A few days later as I was back home, snoozing on the sofa as I recovered from the jetlag, I got a message from Sarah (who annoyingly for her was on a train down to Cornwall at the time) telling me that another Siberian Accentor had been found at Easington near Spurn Point in Yorkshire - much more twitchable for the masses. Next day, estimates between 1,000-2,000 birders descended on Easington with queues round the block with the bird still present and showing to all comers but I decided rather riskily to wait until the weekend to go.

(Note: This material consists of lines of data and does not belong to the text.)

lemma Ups_scalar_prod:
  assumes g: "g \<in> carrier_mat n n" and orth: "transpose_mat g * g = 1\<^sub>m n"
    and m: "m \<le> n" and def: "Ups_defined m g"
    and x2: "x2 \<in> carrier_vec (n - m)" and y2: "y2 \<in> carrier_vec (n - m)"
  shows "(Ups m g *\<^sub>v x2) \<bullet> (Ups m g *\<^sub>v y2) = x2 \<bullet> y2"
proof -
  obtain x1 where x1: "x1 \<in> carrier_vec m"
    and gx: "g *\<^sub>v (x1 @\<^sub>v x2) = (- x1) @\<^sub>v (Ups m g *\<^sub>v x2)"
    using Ups_graph_exists[OF g m def x2] .
  obtain y1 where y1: "y1 \<in> carrier_vec m"
    and gy: "g *\<^sub>v (y1 @\<^sub>v y2) = (- y1) @\<^sub>v (Ups m g *\<^sub>v y2)"
    using Ups_graph_exists[OF g m def y2] .
  have U: "Ups m g \<in> carrier_mat (n - m) (n - m)" using Ups_carrier_mat[OF g] .
  have "x1 @\<^sub>v x2 \<in> carrier_vec n" "y1 @\<^sub>v y2 \<in> carrier_vec n"
    using append_carrier_vec[OF x1 x2] append_carrier_vec[OF y1 y2] m by simp_all
  then have "(g *\<^sub>v (x1 @\<^sub>v x2)) \<bullet> (g *\<^sub>v (y1 @\<^sub>v y2)) = (x1 @\<^sub>v x2) \<bullet> (y1 @\<^sub>v y2)"
    by (rule orthogonal_scalar_prod[OF g orth])
  then have "(- x1) \<bullet> (- y1) + (Ups m g *\<^sub>v x2) \<bullet> (Ups m g *\<^sub>v y2) = x1 \<bullet> y1 + x2 \<bullet> y2"
    unfolding gx gy using x1 x2 y1 y2 U by (simp add: scalar_prod_append[of _ m _ "n - m"])
  then show ?thesis using x1 y1 by simp
qed

lemma det_four_block_one_add_blkP:
  assumes g: "g \<in> carrier_mat n n" and orth: "transpose_mat g * g = 1\<^sub>m n"
    and det_g: "det g = 1" and m: "m \<le> n"
  shows "det (four_block_mat (1\<^sub>m m + blkP m g) (blkQ m g) (blkR m g) (blkT m g))
    = det (1\<^sub>m m + blkP m g)"
proof -
  define P Q R T where blocks: "P = blkP m g" "Q = blkQ m g" "R = blkR m g" "T = blkT m g"
  have P: "P \<in> carrier_mat m m" and Q: "Q \<in> carrier_mat m (n - m)"
    and R: "R \<in> carrier_mat (n - m) m" and T: "T \<in> carrier_mat (n - m) (n - m)"
    unfolding blocks using blk_carrier_mat[OF g] by auto
  have g_blocks: "g = four_block_mat P Q R T"
    unfolding blocks using four_block_mat_blk[OF g m] by simp
  have one_blocks:
    "1\<^sub>m n = four_block_mat (1\<^sub>m m) (0\<^sub>m m (n - m)) (0\<^sub>m (n - m) m) (1\<^sub>m (n - m))"
    using m by simp
  define E where "E = four_block_mat (1\<^sub>m m) (0\<^sub>m m (n - m)) (0\<^sub>m (n - m) m)
    (0\<^sub>m (n - m) (n - m) :: real mat)"
  define M where "M = four_block_mat (1\<^sub>m m + P) Q R T"
  have nm: "m + (n - m) = n" using m by simp
  note four_block_carrier = four_block_carrier_mat[of _ m m _ "n - m" "n - m", unfolded nm]
  have E: "E \<in> carrier_mat n n" unfolding E_def by (rule four_block_carrier) auto
  have M: "M \<in> carrier_mat n n" unfolding M_def by (rule four_block_carrier) (use P T in auto)
  have Et: "transpose_mat E = E" unfolding E_def by (intro eq_matI) auto
  have "M = g + E"
    unfolding M_def E_def g_blocks using P Q R T by (subst add_four_block_mat) auto
  then have "transpose_mat M * g = transpose_mat g * g + E * g"
    using g E Et by (simp add: transpose_add add_mult_distrib_mat[of _ n n])
  also have "\<dots> = four_block_mat (1\<^sub>m m + P) Q (0\<^sub>m (n - m) m) (1\<^sub>m (n - m))"
  proof -
    have Eg: "E * g = four_block_mat P Q (0\<^sub>m (n - m) m) (0\<^sub>m (n - m) (n - m))"
      unfolding E_def g_blocks using P Q R T by (subst mult_four_block_mat) auto
    show ?thesis
      unfolding orth one_blocks Eg using P Q by (subst add_four_block_mat) auto
  qed
  finally have "det (transpose_mat M * g) = det (1\<^sub>m m + P)"
    using P Q by (simp add: det_four_block_mat_lower_left_zero[of _ m _ "n - m"])
  then show ?thesis
    using det_mult[OF transpose_carrier_mat[THEN iffD2, OF M] g] det_g det_transpose[OF M]
    unfolding M_def blocks by simp
qed

lemma Ups_det:
  assumes g: "g \<in> SO n" and m: "m \<le> n" and def: "Ups_defined m g"
  shows "det (Ups m g) = 1"
proof -
  note g_SO = SO_D[OF g]
  note blk = blk_carrier_mat[OF g_SO(1), of m]
  have A: "1\<^sub>m m + blkP m g \<in> carrier_mat m m" using blk by simp
  have detA: "det (1\<^sub>m m + blkP m g) \<noteq> 0" using def unfolding Ups_defined_def .
  have "det (1\<^sub>m m + blkP m g)
    = det (four_block_mat (1\<^sub>m m + blkP m g) (blkQ m g) (blkR m g) (blkT m g))"
    using det_four_block_one_add_blkP[OF g_SO m] by simp
  also have "\<dots> = det (1\<^sub>m m + blkP m g) * det (Ups m g)"
    unfolding Ups_def using det_four_block_mat_Schur[OF A detA blk(2-4)] .
  finally show ?thesis using detA by simp
qed

lemma Ups_SO:
  assumes g: "g \<in> SO n" and m: "m \<le> n" and def: "Ups_defined m g"
  shows "Ups m g \<in> SO (n - m)"
proof -
  note g_SO = SO_D[OF g]
  have U: "Ups m g \<in> carrier_mat (n - m) (n - m)" using Ups_carrier_mat[OF g_SO(1)] .
  have "transpose_mat (Ups m g) * Ups m g = 1\<^sub>m (n - m)"
    using orthogonal_if_scalar_prod_preserved[OF U] Ups_scalar_prod[OF g_SO(1,2) m def] by blast
  then have "Ups m g * transpose_mat (Ups m g) = 1\<^sub>m (n - m)"
    using mat_mult_left_right_inverse[of "transpose_mat (Ups m g)" "n - m"] U by simp
  then show ?thesis unfolding SO_def using U Ups_det[OF g m def] by simp
qed

lemma Ups_Ups:
  assumes g: "g \<in> carrier_mat n n" and km: "k + m \<le> n"
    and def_m: "Ups_defined m g" and def_k: "Ups_defined k (Ups m g)"
    and def_km: "Ups_defined (k + m) g"
  shows "Ups k (Ups m g) = Ups (k + m) g"
proof -
  have U: "Ups m g \<in> carrier_mat (n - m) (n - m)" using Ups_carrier_mat[OF g] .
  have m: "m \<le> n" and k: "k \<le> n - m" using km by auto
  have dim: "n - m - k = n - (k + m)" "k + (n - (k + m)) = n - m" using km by auto
  show ?thesis
  proof (rule eq_matI_mult_vec)
    show "Ups k (Ups m g) \<in> carrier_mat (n - (k + m)) (n - (k + m))"
      using Ups_carrier_mat[OF U, of k] unfolding dim .
    show "Ups (k + m) g \<in> carrier_mat (n - (k + m)) (n - (k + m))"
      using Ups_carrier_mat[OF g] .
    fix x3 :: "real vec" assume x3: "x3 \<in> carrier_vec (n - (k + m))"
    then have x3': "x3 \<in> carrier_vec (n - m - k)" unfolding dim .
    obtain x12 where x12: "x12 \<in> carrier_vec (m + k)"
      and graph: "g *\<^sub>v (x12 @\<^sub>v x3) = (- x12) @\<^sub>v (Ups (k + m) g *\<^sub>v x3)"
      using Ups_graph_exists[OF g km def_km x3] by (metis add.commute)
    define x1 x2 where split: "x1 = vec_first x12 m" "x2 = vec_last x12 k"
    have x1: "x1 \<in> carrier_vec m" and x2: "x2 \<in> carrier_vec k" unfolding split by auto
    have x23: "x2 @\<^sub>v x3 \<in> carrier_vec (n - m)"
      using append_carrier_vec[OF x2 x3] unfolding dim(2) .
    have "g *\<^sub>v (x1 @\<^sub>v (x2 @\<^sub>v x3)) = (- x1) @\<^sub>v ((- x2) @\<^sub>v (Ups (k + m) g *\<^sub>v x3))"
      using graph x12 unfolding split append_vec_assoc[symmetric] uminus_append_vec[symmetric]
      by simp
    from Ups_graph_unique[OF g m def_m x1 x23 this]
    have "Ups m g *\<^sub>v (x2 @\<^sub>v x3) = (- x2) @\<^sub>v (Ups (k + m) g *\<^sub>v x3)" ..
    from Ups_graph_unique[OF U k def_k x2 x3' this]
    show "Ups k (Ups m g) *\<^sub>v x3 = Ups (k + m) g *\<^sub>v x3" ..
  qed
qed

lemma Ups_graph_add_diff_one:
  assumes g: "g \<in> carrier_mat n n" and m: "m \<le> n"
    and x1: "x1 \<in> carrier_vec m" and x2: "x2 \<in> carrier_vec (n - m)"
    and graph: "g *\<^sub>v (x1 @\<^sub>v x2) = (- x1) @\<^sub>v (Ups m g *\<^sub>v x2)"
  shows "(g + 1\<^sub>m n) *\<^sub>v (x1 @\<^sub>v x2) = 0\<^sub>v m @\<^sub>v ((Ups m g + 1\<^sub>m (n - m)) *\<^sub>v x2)"
    and "(g - 1\<^sub>m n) *\<^sub>v (x1 @\<^sub>v x2) = (- x1 - x1) @\<^sub>v ((Ups m g - 1\<^sub>m (n - m)) *\<^sub>v x2)"
proof -
  have U: "Ups m g \<in> carrier_mat (n - m) (n - m)" using Ups_carrier_mat[OF g] .
  have x: "x1 @\<^sub>v x2 \<in> carrier_vec n" using append_carrier_vec[OF x1 x2] m by simp
  show "(g + 1\<^sub>m n) *\<^sub>v (x1 @\<^sub>v x2) = 0\<^sub>v m @\<^sub>v ((Ups m g + 1\<^sub>m (n - m)) *\<^sub>v x2)"
    using g x x1 x2 U graph
    by (auto simp: add_mult_distrib_mat_vec[of _ n n]
        add_mult_distrib_mat_vec[of _ "n - m" "n - m"] intro!: eq_vecI)
  show "(g - 1\<^sub>m n) *\<^sub>v (x1 @\<^sub>v x2) = (- x1 - x1) @\<^sub>v ((Ups m g - 1\<^sub>m (n - m)) *\<^sub>v x2)"
    using g x x1 x2 U graph
    by (auto simp: minus_mult_distrib_mat_vec[of _ n n]
        minus_mult_distrib_mat_vec[of _ "n - m" "n - m"] intro!: eq_vecI)
qed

Saturday morning dawned and thankfully with the cat thrown out all night I got a good night's sleep to get over the remaining jetlag and with news that the accentor was still present, I set off, arriving shortly after 1.30pm. Annoyingly, about 10 minutes before I got there, the bird had flown from the garden it had been frequenting and into the adjacent gas compound where it was much harder to see. Thankfully with only 100 or so twitchers there and ample viewing space, the bird showed well on occasions but viewing and photography in particular were difficult being through wire fence.
With half an hour of decent light left, I decided to go back to have another look at the accentor which had now moved back to its favoured garden and with only half a dozen other birders there. Here the accentor showed much better, at first flitting around behind a large yellow skip before eventually feeding with a few Dunnocks 5m away, though the light was fading fast but with the ISO cranked up, photos were still possible, an incredible way to spend the end of the day.